Instructions for the task: Look through the entries. Copy each line that has the word "assumes".

Saved data entries
(* Let $\varphi$ be a setfunction on a set-algebra $(J,\mathcal{B})$ with $\varphi(\emptyset)=0$. Then the quotient set $Q(\varphi)=\bigcup_{k\in\mathbb{N}}Q_k(\varphi)$ is quotient-closed and has the common lift property.
   Context: A set-algebra $(J,\mathcal{B})$ is a family $\mathcal{B}$ of subsets of $J$ containing $\emptyset$ and closed under complement and finite union. A setfunction on $(J,\mathcal{B})$ is a map $\varphi\colon\mathcal{B}\to\mathbb{R}$; all setfunctions satisfy $\varphi(\emptyset)=0$. A setfunction is finite if it is defined on $(J,2^J)$ with $J$ finite. $\mathbb{N}$ denotes the positive integers and $[k]=\{1,\dots,k\}$. For $k\in\mathbb{N}$ and a measurable map $F\colon J\to[k]$ (i.e. $F^{-1}(i)\in\mathcal{B}$ for every $i$), the quotient $\varphi\circ F^{-1}$ is the setfunction on $(\,[k],2^{[k]})$ given by $A\mapsto\varphi(F^{-1}(A))$. $Q_k(\varphi)\subseteq\mathbb{R}^{2^k}$ is the set of all such quotients of $\varphi$ on $[k]$. A setfunction $\varphi$ is a lift of $\varphi'$ if $\varphi'$ is a quotient of $\varphi$. A family $A$ of finite setfunctions is quotient-closed if every quotient of a function in $A$ belongs to $A$; it has the common lift property if every finite subset of $A$ has a common lift belonging to $A$. *)

theory Defs
  imports Complex_Main
begin

definition set_algebra :: "'a set \<Rightarrow> 'a set set \<Rightarrow> bool" where
  "set_algebra J B \<longleftrightarrow> B \<subseteq> Pow J \<and> {} \<in> B \<and> (\<forall>A\<in>B. J - A \<in> B)
     \<and> (\<forall>A\<in>B. \<forall>C\<in>B. A \<union> C \<in> B)"

definition meas_map :: "'a set \<Rightarrow> 'a set set \<Rightarrow> nat \<Rightarrow> ('a \<Rightarrow> nat) \<Rightarrow> bool" where
  "meas_map J B k F \<longleftrightarrow> (\<forall>j\<in>J. F j \<in> {1..k}) \<and> (\<forall>i\<in>{1..k}. {j\<in>J. F j = i} \<in> B)"

text \<open>The quotient setfunction phi o F^{-1} on ([k], 2^[k]); set to 0 outside 2^[k]
  (values off the domain are irrelevant and normalised to 0).\<close>
definition quot :: "'a set \<Rightarrow> ('a set \<Rightarrow> real) \<Rightarrow> nat \<Rightarrow> ('a \<Rightarrow> nat) \<Rightarrow> nat set \<Rightarrow> real" where
  "quot J \<phi> k F = (\<lambda>A. if A \<subseteq> {1..k} then \<phi> {j\<in>J. F j \<in> A} else 0)"

definition Qk :: "'a set \<Rightarrow> 'a set set \<Rightarrow> ('a set \<Rightarrow> real) \<Rightarrow> nat \<Rightarrow> (nat set \<Rightarrow> real) set" where
  "Qk J B \<phi> k = {quot J \<phi> k F | F. meas_map J B k F}"

text \<open>Finite setfunctions are represented as pairs (ground set, function) with the
  ground set a finite set of naturals.\<close>
definition Q :: "'a set \<Rightarrow> 'a set set \<Rightarrow> ('a set \<Rightarrow> real) \<Rightarrow> (nat set \<times> (nat set \<Rightarrow> real)) set" where
  "Q J B \<phi> = {({1..k}, \<psi>) | k \<psi>. k \<ge> 1 \<and> \<psi> \<in> Qk J B \<phi> k}"

definition is_quotient :: "nat set \<Rightarrow> (nat set \<Rightarrow> real) \<Rightarrow> nat set \<Rightarrow> (nat set \<Rightarrow> real) \<Rightarrow> bool" where
  "is_quotient J \<psi> J' \<psi>' \<longleftrightarrow>
     (\<exists>m\<ge>1. J' = {1..m} \<and> (\<exists>G. meas_map J (Pow J) m G \<and> \<psi>' = quot J \<psi> m G))"

definition quotient_closed :: "(nat set \<times> (nat set \<Rightarrow> real)) set \<Rightarrow> bool" where
  "quotient_closed A \<longleftrightarrow>
     (\<forall>(J, \<psi>)\<in>A. \<forall>J' \<psi>'. is_quotient J \<psi> J' \<psi>' \<longrightarrow> (J', \<psi>') \<in> A)"

definition common_lift_property :: "(nat set \<times> (nat set \<Rightarrow> real)) set \<Rightarrow> bool" where
  "common_lift_property A \<longleftrightarrow>
     (\<forall>S\<subseteq>A. finite S \<longrightarrow> (\<exists>(J, \<psi>)\<in>A. \<forall>(J', \<psi>')\<in>S. is_quotient J \<psi> J' \<psi>'))"

end

theory Submission
  imports Defs "HOL-Library.FuncSet"
begin

text \<open>A quotient of a quotient is the quotient along the composite map, which gives quotient
  closedness. For a common lift of finitely many quotients along maps \<open>H\<^sub>s : J \<rightarrow> [m\<^sub>s]\<close>, take
  the quotient along the joint map \<open>j \<mapsto> (H\<^sub>s j)\<^sub>s\<close>, whose values form a finite product set that
  is relabelled as \<open>[n]\<close>: its fibres are finite intersections of fibres of the \<open>H\<^sub>s\<close>, and each
  \<open>H\<^sub>s\<close> factors through it by a coordinate projection.\<close>

lemma set_algebra_UN_finite:
  assumes "set_algebra J B" "finite I" "\<And>i. i \<in> I \<Longrightarrow> A i \<in> B"
  shows "(\<Union>i\<in>I. A i) \<in> B"
  using assms(2,3) by induction (use assms(1) in \<open>auto simp: set_algebra_def\<close>)

lemma set_algebra_Int:
  assumes "set_algebra J B" "A \<in> B" "C \<in> B"
  shows "A \<inter> C \<in> B"
proof -
  have "A \<inter> C = J - ((J - A) \<union> (J - C))"
    using assms unfolding set_algebra_def by blast
  also have "\<dots> \<in> B"
    using assms unfolding set_algebra_def by blast
  finally show ?thesis .
qed

lemma set_algebra_INT_finite:
  assumes "set_algebra J B" "finite I" "\<And>i. i \<in> I \<Longrightarrow> A i \<in> B"
  shows "J \<inter> (\<Inter>i\<in>I. A i) \<in> B"
  using assms(2,3)
proof induction
  case empty
  have "J - {} \<in> B" using assms(1) unfolding set_algebra_def by blast
  then show ?case by simp
next
  case (insert i I)
  then have "A i \<inter> (J \<inter> (\<Inter>i\<in>I. A i)) \<in> B"
    using set_algebra_Int[OF assms(1)] by blast
  then show ?case by (simp add: Int_left_commute)
qed

lemma meas_map_Pow_iff: "meas_map K (Pow K) m G \<longleftrightarrow> (\<forall>i\<in>K. G i \<in> {1..m})"
  unfolding meas_map_def by auto

lemma meas_map_comp:
  assumes "set_algebra J B" "meas_map J B k F" "\<forall>i\<in>{1..k}. G i \<in> {1..m}"
  shows "meas_map J B m (G \<circ> F)"
  unfolding meas_map_def
proof (intro conjI ballI)
  fix j assume "j \<in> J"
  then show "(G \<circ> F) j \<in> {1..m}" using assms(2,3) unfolding meas_map_def by auto
next
  fix i
  have "{j\<in>J. (G \<circ> F) j = i} = (\<Union>l\<in>{l\<in>{1..k}. G l = i}. {j\<in>J. F j = l})"
    using assms(2) unfolding meas_map_def by auto
  also have "\<dots> \<in> B"
    using assms(2) by (intro set_algebra_UN_finite[OF assms(1)]) (auto simp: meas_map_def)
  finally show "{j\<in>J. (G \<circ> F) j = i} \<in> B" .
qed

lemma quot_quot:
  assumes "meas_map J B k F"
  shows "quot {1..k} (quot J \<phi> k F) m G = quot J \<phi> m (G \<circ> F)"
proof
  fix A
  have "{j\<in>J. F j \<in> {i\<in>{1..k}. G i \<in> A}} = {j\<in>J. G (F j) \<in> A}"
    using assms unfolding meas_map_def by blast
  then show "quot {1..k} (quot J \<phi> k F) m G A = quot J \<phi> m (G \<circ> F) A"
    unfolding quot_def by auto
qed

lemma quot_cong:
  assumes "\<And>j. j \<in> J \<Longrightarrow> F j = F' j"
  shows "quot J \<phi> m F = quot J \<phi> m F'"
proof
  fix A
  have "{j\<in>J. F j \<in> A} = {j\<in>J. F' j \<in> A}" using assms by auto
  then show "quot J \<phi> m F A = quot J \<phi> m F' A" unfolding quot_def by simp
qed

lemma is_quotient_quot_comp:
  assumes "meas_map J B k F" "m \<ge> 1" "\<forall>i\<in>{1..k}. G i \<in> {1..m}"
  shows "is_quotient {1..k} (quot J \<phi> k F) {1..m} (quot J \<phi> m (G \<circ> F))"
  unfolding is_quotient_def using assms quot_quot[OF assms(1)] meas_map_Pow_iff by metis

lemma meas_map_relabel:
  assumes "finite X" "\<forall>j\<in>J. P j \<in> X" "\<forall>x\<in>X. {j\<in>J. P j = x} \<in> B"
  obtains e where "bij_betw e X {1..card X}" "meas_map J B (card X) (e \<circ> P)"
proof -
  obtain e where e: "bij_betw e X {1..card X}"
    using bij_betw_iff_card[OF assms(1)] by fastforce
  have "{j\<in>J. (e \<circ> P) j = i} \<in> B" if "i \<in> {1..card X}" for i
  proof -
    have "{j\<in>J. (e \<circ> P) j = i} = {j\<in>J. P j = inv_into X e i}"
      using e that assms(2) bij_betw_inv_into_left bij_betw_inv_into_right by fastforce
    then show ?thesis
      using assms(3) e that bij_betw_apply bij_betw_inv_into by metis
  qed
  moreover have "\<forall>j\<in>J. (e \<circ> P) j \<in> {1..card X}"
    using e assms(2) bij_betw_apply by fastforce
  ultimately show thesis
    using e that unfolding meas_map_def by blast
qed

lemma meas_map_common_refinement:
  assumes sa: "set_algebra J B" and "finite S"
    and H: "\<And>s. s \<in> S \<Longrightarrow> m s \<ge> 1 \<and> meas_map J B (m s) (H s)"
  obtains n F G where "n \<ge> 1" "meas_map J B n F"
    "\<And>s. s \<in> S \<Longrightarrow> (\<forall>i\<in>{1..n}. G s i \<in> {1..m s}) \<and> (\<forall>j\<in>J. G s (F j) = H s j)"
proof -
  define X where "X = (\<Pi>\<^sub>E s\<in>S. {1..m s})"
  define P where "P j = (\<lambda>s\<in>S. H s j)" for j
  have "finite X" unfolding X_def using \<open>finite S\<close> by (simp add: finite_PiE)
  have "X \<noteq> {}" unfolding X_def using H by (simp add: PiE_eq_empty_iff)
  have P_X: "\<forall>j\<in>J. P j \<in> X"
    using H unfolding X_def P_def meas_map_def by auto
  have "{j\<in>J. P j = x} \<in> B" if "x \<in> X" for x
  proof -
    have "{j\<in>J. P j = x} = J \<inter> (\<Inter>s\<in>S. {j\<in>J. H s j = x s})"
      using that unfolding X_def P_def by (auto simp: PiE_def extensional_def)
    also have "\<dots> \<in> B"
      using H that unfolding X_def
      by (intro set_algebra_INT_finite[OF sa \<open>finite S\<close>]) (auto simp: meas_map_def PiE_iff)
    finally show ?thesis .
  qed
  then obtain e where e: "bij_betw e X {1..card X}" and F: "meas_map J B (card X) (e \<circ> P)"
    using meas_map_relabel[OF \<open>finite X\<close> P_X] by blast
  show thesis
  proof
    show "card X \<ge> 1"
      using \<open>finite X\<close> \<open>X \<noteq> {}\<close> by (simp add: Suc_le_eq card_gt_0_iff)
    show "meas_map J B (card X) (e \<circ> P)" by (fact F)
    fix s assume "s \<in> S"
    show "(\<forall>i\<in>{1..card X}. inv_into X e i s \<in> {1..m s}) \<and>
      (\<forall>j\<in>J. inv_into X e ((e \<circ> P) j) s = H s j)"
      using \<open>s \<in> S\<close> e P_X bij_betw_inv_into_left bij_betw_apply[OF bij_betw_inv_into[OF e]]
      unfolding X_def P_def by fastforce
  qed
qed

lemma quotient_closed_Q:
  assumes "set_algebra J B"
  shows "quotient_closed (Q J B \<phi>)"
  unfolding quotient_closed_def
proof clarify
  fix K \<psi> K' \<psi>'
  assume "(K, \<psi>) \<in> Q J B \<phi>" and "is_quotient K \<psi> K' \<psi>'"
  then obtain k F m G where F: "meas_map J B k F" and "K = {1..k}" "\<psi> = quot J \<phi> k F"
    and "m \<ge> 1" "K' = {1..m}" "meas_map K (Pow K) m G" "\<psi>' = quot K \<psi> m G"
    unfolding Q_def Qk_def is_quotient_def by auto
  moreover have "meas_map J B m (G \<circ> F)"
    using calculation by (intro meas_map_comp[OF assms F]) (simp add: meas_map_Pow_iff)
  moreover have "\<psi>' = quot J \<phi> m (G \<circ> F)"
    using calculation quot_quot[OF F] by metis
  ultimately show "(K', \<psi>') \<in> Q J B \<phi>"
    unfolding Q_def Qk_def by blast
qed

lemma common_lift_property_Q:
  assumes "set_algebra J B"
  shows "common_lift_property (Q J B \<phi>)"
  unfolding common_lift_property_def
proof (intro allI impI)
  fix S assume "S \<subseteq> Q J B \<phi>" "finite S"
  then have "\<forall>s\<in>S. \<exists>m H. m \<ge> 1 \<and> meas_map J B m H \<and> s = ({1..m}, quot J \<phi> m H)"
    unfolding Q_def Qk_def by blast
  then obtain m H where H: "\<And>s. s \<in> S \<Longrightarrow>
      m s \<ge> 1 \<and> meas_map J B (m s) (H s) \<and> s = ({1..m s}, quot J \<phi> (m s) (H s))"
    by metis
  obtain n F G where "n \<ge> 1" and F: "meas_map J B n F" and G: "\<And>s. s \<in> S \<Longrightarrow>
      (\<forall>i\<in>{1..n}. G s i \<in> {1..m s}) \<and> (\<forall>j\<in>J. G s (F j) = H s j)"
    using meas_map_common_refinement[OF assms \<open>finite S\<close>, of m H] H by blast
  have "is_quotient {1..n} (quot J \<phi> n F) (fst s) (snd s)" if "s \<in> S" for s
  proof -
    have "s = ({1..m s}, quot J \<phi> (m s) (G s \<circ> F))"
      using G[OF that] H[OF that] quot_cong[of J "H s" "G s \<circ> F"] by simp
    then show ?thesis
      using is_quotient_quot_comp[OF F, of "m s" "G s"] G[OF that] H[OF that] by (metis fst_conv snd_conv)
  qed
  moreover have "({1..n}, quot J \<phi> n F) \<in> Q J B \<phi>"
    unfolding Q_def Qk_def using \<open>n \<ge> 1\<close> F by blast
  ultimately show "\<exists>(K, \<psi>)\<in>Q J B \<phi>. \<forall>(K', \<psi>')\<in>S. is_quotient K \<psi> K' \<psi>'"
    by fastforce
qed

theorem lemma2p4:
  fixes J :: "'a set" and B :: "'a set set" and \<phi> :: "'a set \<Rightarrow> real"
  assumes "set_algebra J B"
    and "\<phi> {} = 0"
  shows "quotient_closed (Q J B \<phi>) \<and> common_lift_property (Q J B \<phi>)"
  using quotient_closed_Q[OF assms(1)] common_lift_property_Q[OF assms(1)] by blast

end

Written answer:
  assumes "set_algebra J B" "finite I" "\<And>i. i \<in> I \<Longrightarrow> A i \<in> B"
  assumes "set_algebra J B" "A \<in> B" "C \<in> B"
  assumes "set_algebra J B" "finite I" "\<And>i. i \<in> I \<Longrightarrow> A i \<in> B"
  assumes "set_algebra J B" "meas_map J B k F" "\<forall>i\<in>{1..k}. G i \<in> {1..m}"
  assumes "meas_map J B k F"
  assumes "\<And>j. j \<in> J \<Longrightarrow> F j = F' j"
  assumes "meas_map J B k F" "m \<ge> 1" "\<forall>i\<in>{1..k}. G i \<in> {1..m}"
  assumes "finite X" "\<forall>j\<in>J. P j \<in> X" "\<forall>x\<in>X. {j\<in>J. P j = x} \<in> B"
  assumes sa: "set_algebra J B" and "finite S"
  assumes "set_algebra J B"
  assumes "set_algebra J B"
  assumes "set_algebra J B"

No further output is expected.